10 Anyone who touches anything that is under him 
will remain-tamei until sunset, 
one-who-carries them is to scrub his garments and wash in water, 
and will remain-tamei until sunset.
11 Anyone whom the one-with-the-flow touches, not having rinsed his hands in water,
is to scrub his garments and wash in water, 
and will remain-tamei until sunset.
12 And an earthen vessel that the one-with-a-flow touches is to be broken, 
and any wooden vessel is to be rinsed in water.
13 Now when the one-with-a-flow is purified from his flow,
he is to number himself seven days of being pure;
when he scrubs his garments and washes his flesh in living water,
then he is pure.
14 On the eighth day he is to take himself two turtledoves or two young pigeons 
and is to come before the presence of YHVH, at the entrance to the Tent of Appointment, 
and is to give them to the priest.
15 The priest is to sacrifice them, the one as a hattat-offering and the other as an offering-up, thus will the priest effect-purgation for him before the presence of YHVH, from his flow.
16 Now a man, when there goes out from him an emission of seed, 
he is to wash in water all of his flesh, 
and will remain-tamei until sunset.
17 Any garment or any animal-skin on which there is an emission of seed 
is to be scrubbed in water, 
and will remain-tamei until sunset.
18 And (also) a woman with whom a man lies, (with) an emission of seed:
they are to wash in water, 
and will remain-tamei until sunset.
19 A woman-when she is one-with-a-flow, her flow being of blood from her “flesh,”
seven days shall she remain in her (state of) being-apart. 
Anyone who touches her is to remain-tamei until sunset.
20 Anything that she lies upon in her (state of) being-apart becomes tamei, 
anything that she sits upon becomes tamei.

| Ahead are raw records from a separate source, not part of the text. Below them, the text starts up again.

(* Let $X$ be a continuous random variable with support contained in $[0,\infty)$, cumulative distribution function $F$ and probability density function $f$. Let $\theta_1\in\mathbb{R}$, $\theta_2>0$, $\theta_3>0$, and define $Y=\theta_1-\theta_2\log(X)+\theta_3X$. Put $y_{\min}=\theta_1+\theta_2-\theta_2\log(\theta_2/\theta_3)$, and for $y\ge y_{\min}$ define $$x_L(y)=-\frac{\theta_2}{\theta_3}W_0\!\left(-\frac{\theta_3}{\theta_2}\exp\!\left(-\frac{y-\theta_1}{\theta_2}\right)\right),\qquad x_U(y)=-\frac{\theta_2}{\theta_3}W_{-1}\!\left(-\frac{\theta_3}{\theta_2}\exp\!\left(-\frac{y-\theta_1}{\theta_2}\right)\right),$$ which are the solutions of $y=\theta_1-\theta_2\log x+\theta_3x$ in $(0,\theta_2/\theta_3]$ and $[\theta_2/\theta_3,\infty)$ respectively. Then $Y$ takes values in $[y_{\min},\infty)$, and for $y\ge y_{\min}$ its cumulative distribution function is $$\Pr(Y\le y)=F\big(x_U(y)\big)-F\big(x_L(y)\big),$$ and (for $y>y_{\min}$) its probability density function is $$f_Y(y)=\frac{x_L(y)}{\theta_2-\theta_3x_L(y)}\,f\big(x_L(y)\big)+\frac{x_U(y)}{\theta_3x_U(y)-\theta_2}\,f\big(x_U(y)\big).$$
   Context: $W_0$ and $W_{-1}$ denote the two real branches of the Lambert W function, i.e. the real solutions $w$ of $w e^{w}=z$ for $z\in[-1/e,0)$, with $W_0(z)\ge -1$ and $W_{-1}(z)\le -1$. The random variable $Y$ is called the (log-Lambert W) transform of $X$ with parameters $\theta=(\theta_1,\theta_2,\theta_3)$. *)

theory Defs
  imports "HOL-Probability.Probability"
begin

definition lambertW0 :: "real \<Rightarrow> real" where
  "lambertW0 z = (THE w. -1 \<le> w \<and> w * exp w = z)"

definition lambertWm1 :: "real \<Rightarrow> real" where
  "lambertWm1 z = (THE w. w \<le> -1 \<and> w * exp w = z)"

definition llw_ymin :: "real \<Rightarrow> real \<Rightarrow> real \<Rightarrow> real" where
  "llw_ymin t1 t2 t3 = t1 + t2 - t2 * ln (t2 / t3)"

definition llw_xL :: "real \<Rightarrow> real \<Rightarrow> real \<Rightarrow> real \<Rightarrow> real" where
  "llw_xL t1 t2 t3 y = - (t2 / t3) * lambertW0 (- (t3 / t2) * exp (- (y - t1) / t2))"

definition llw_xU :: "real \<Rightarrow> real \<Rightarrow> real \<Rightarrow> real \<Rightarrow> real" where
  "llw_xU t1 t2 t3 y = - (t2 / t3) * lambertWm1 (- (t3 / t2) * exp (- (y - t1) / t2))"

end

theory Submission
  imports Defs "HOL-Real_Asymp.Real_Asymp"
begin

text \<open>
  For \<open>t2, t3 > 0\<close> the map \<open>h x = t1 - t2 ln x + t3 x\<close> decreases strictly on \<open>(0, t2/t3]\<close>,
  increases strictly on \<open>[t2/t3, \<infinity>)\<close>, attains its minimum \<open>y_min\<close> at \<open>t2/t3\<close> and tends to \<open>\<infinity>\<close>
  at both ends of \<open>(0, \<infinity>)\<close>. So every \<open>y \<ge> y_min\<close> has one preimage on each branch, and
  \<open>{h \<le> y}\<close> is the interval between them. Writing \<open>w = -(t3/t2) x\<close>, the equation \<open>h x = y\<close>
  becomes \<open>w e\<^sup>w = -(t3/t2) exp (-(y - t1)/t2)\<close> with \<open>w \<ge> -1\<close> on the left branch and \<open>w \<le> -1\<close>
  on the right one; as \<open>w e\<^sup>w\<close> is injective on either side of \<open>-1\<close>, the preimages are
  \<open>x_L y\<close> and \<open>x_U y\<close>. Since \<open>X\<close> has a density it has no atoms, so \<open>X > 0\<close> almost surely and
  \<open>{Y \<le> y} = {x_L y \<le> X \<le> x_U y}\<close> up to a null set, which is the CDF. The density of \<open>Y\<close>
  follows by substituting \<open>y = h x\<close> on each branch separately, the Jacobian being
  \<open>\<bar>h' x\<bar> = \<bar>t3 x - t2\<bar> / x\<close>; the distribution of \<open>Y\<close> is then identified through its values
  on the half-lines \<open>(-\<infinity>, y]\<close>.
\<close>

lemma nn_integral_substitution_antimono:
  fixes f :: "real \<Rightarrow> real"
  assumes [measurable]: "f \<in> borel_measurable borel" "g \<in> borel_measurable borel"
    "g' \<in> borel_measurable borel"
    and derivg: "\<And>x. x \<in> {a..b} \<Longrightarrow> (g has_real_derivative g' x) (at x)"
    and contg': "continuous_on {a..b} g'"
    and derivg_nonpos: "\<And>x. x \<in> {a..b} \<Longrightarrow> g' x \<le> 0"
    and "a \<le> b"
  shows "(\<integral>\<^sup>+x. f x * indicator {g b..g a} x \<partial>lborel) =
         (\<integral>\<^sup>+x. f (g x) * - g' x * indicator {a..b} x \<partial>lborel)"
proof -
  have "((\<lambda>x. g (- x)) has_real_derivative - g' (- x)) (at x)" if "x \<in> {-b..-a}" for x
    using DERIV_chain2[OF derivg DERIV_minus[OF DERIV_ident], of x] that by auto
  moreover have "continuous_on {-b..-a} (\<lambda>x. - g' (- x))"
    by (intro continuous_on_minus continuous_on_compose2[OF contg'])
      (auto intro!: continuous_intros)
  ultimately have "(\<integral>\<^sup>+x. f x * indicator {g b..g a} x \<partial>lborel) =
      (\<integral>\<^sup>+x. f (g (- x)) * - g' (- x) * indicator {-b..-a} x \<partial>lborel)"
    using nn_integral_substitution[of "\<lambda>x. g (- x)" "-b" "-a" f "\<lambda>x. - g' (- x)"]
      derivg_nonpos \<open>a \<le> b\<close> by (simp add: set_borel_measurable_def)
  also have "\<dots> = (\<integral>\<^sup>+x. f (g x) * - g' x * indicator {a..b} x \<partial>lborel)"
  proof -
    have "(\<integral>\<^sup>+x. f (g x) * - g' x * indicator {a..b} x \<partial>lborel) =
        ennreal \<bar>-1\<bar> * (\<integral>\<^sup>+x. f (g (0 + -1 * x)) * - g' (0 + -1 * x)
          * indicator {a..b} (0 + -1 * x) \<partial>lborel)"
      by (rule nn_integral_real_affine) (auto simp: set_borel_measurable_def)
    also have "\<dots> = (\<integral>\<^sup>+x. f (g (- x)) * - g' (- x) * indicator {-b..-a} x \<partial>lborel)"
      by (auto intro!: nn_integral_cong simp: indicator_def)
    finally show ?thesis ..
  qed
  finally show ?thesis .
qed

lemma measure_eqI_atMost:
  fixes M N :: "real measure"
  assumes sets: "sets M = sets borel" "sets N = sets borel"
    and fin: "\<And>x. emeasure M {..x} < \<infinity>"
    and eq: "\<And>x. emeasure M {..x} = emeasure N {..x}"
  shows "M = N"
proof (rule measure_eqI_generator_eq
    [where \<Omega> = UNIV and E = "range atMost" and A = "\<lambda>i. {..real i}"])
  have "sets (borel :: real measure) = sigma_sets UNIV (range atMost)"
    by (subst borel_eq_atMost) (rule sets_measure_of, auto)
  then show "sets M = sigma_sets UNIV (range atMost)" "sets N = sigma_sets UNIV (range atMost)"
    using sets by simp_all
  show "Int_stable (range atMost :: real set set)"
    by (auto simp: Int_stable_def)
  show "(\<Union>i. {..real i}) = UNIV"
    by (auto intro: real_arch_simple)
  show "emeasure M {..real i} \<noteq> \<infinity>" for i
    using fin[of "real i"] by simp
qed (auto simp: eq)

lemma distributed_AE_neq:
  assumes "distributed M lborel X f"
  shows "AE \<omega> in M. X \<omega> \<noteq> (a :: real)"
proof (rule AE_I')
  have [measurable]: "f \<in> borel_measurable borel" "X \<in> borel_measurable M"
    using distributed_borel_measurable[OF assms] distributed_measurable[OF assms] by simp_all
  have "emeasure M (X -` {a} \<inter> space M) = (\<integral>\<^sup>+x. f x * indicator {a} x \<partial>lborel)"
    by (rule distributed_emeasure[OF assms]) simp
  also have "\<dots> = 0"
    by simp
  finally show "X -` {a} \<inter> space M \<in> null_sets M"
    by (auto simp: null_sets_def)
qed auto

lemma mult_exp_strict_mono_on: "strict_mono_on {-1..} (\<lambda>w::real. w * exp w)"
proof (rule strict_mono_onI)
  fix a b :: real
  assume "a \<in> {-1..}" "b \<in> {-1..}" "a < b"
  have "\<exists>d. ((\<lambda>w. w * exp w) has_real_derivative d) (at x) \<and> 0 < d" if "a < x" for x
  proof -
    have "0 < (1 + x) * exp x" using that \<open>a \<in> {-1..}\<close> by simp
    then show ?thesis
      by (intro exI[of _ "(1 + x) * exp x"]) (auto intro!: derivative_eq_intros simp: algebra_simps)
  qed
  then show "a * exp a < b * exp b"
    by (rule DERIV_pos_imp_increasing_open[OF \<open>a < b\<close>]) (auto intro!: continuous_intros)
qed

21 Anyone who touches her lying-place is to scrub his garments and wash in water, 
and will remain-tamei until sunset.
22 Anyone who touches any vessel that she sat upon is to scrub his garments and wash in water, 
and will remain-tamei until sunset.
23 Whether it is upon the lying-place or upon the vessel that she has sat upon,
on touching it he will remain-tamei until sunset.
24 And if a man lies, yes, lies with her, so that her (state of) being-apart is upon him, 
he will remain-tamei for seven days,
any place-of-lying upon which he lies becomes tamei.
25 Now a woman-when the flow of her blood flows for many days, when it is not the time of her being-apart,
or when it flows out over-and-above her being-apart, 
all the days of her tamei flow she shall be like (during) the days of her being-apart,
she is tamei.
26 Any lying-place upon which she lies, all the days of her flow, shall be for her like the lying-place (during) her being-apart, 
and any vessel that she sits upon shall be tamei, like the tum’a of her being-apart.
27 Whoever touches them becomes tamei;
he is to scrub his garments and wash in water,
and will remain-tamei until sunset.
28 Now when she is purified from her flow, 
she is to number seven days, 
and afterward, she becomes pure.
29 And on the eighth day she is to take herself two turtledoves or two young pigeons 
and is to bring them to the priest, to the entrance of the Tent of Appointment.
30 The priest is to sacrifice the one as a hattat-offering and the other as an offering-up,
the priest is to effect-purgation for her before the presence of YHVH, from her tamei flow.
31 You are to have the Children of Israel avoid their tum’a, 
that they not die from their tum’a
when they make my Dwelling tamei that is in their midst.
32 This is the Instruction for the one-with-a-flow 
and for (one) from whom goes out an emission of seed, becoming tamei thereby,
33 and for one infirm in her (state of) being-apart, for one who has-a-flow with his flow, male or female, 
and for a man that lies with a tamei-woman.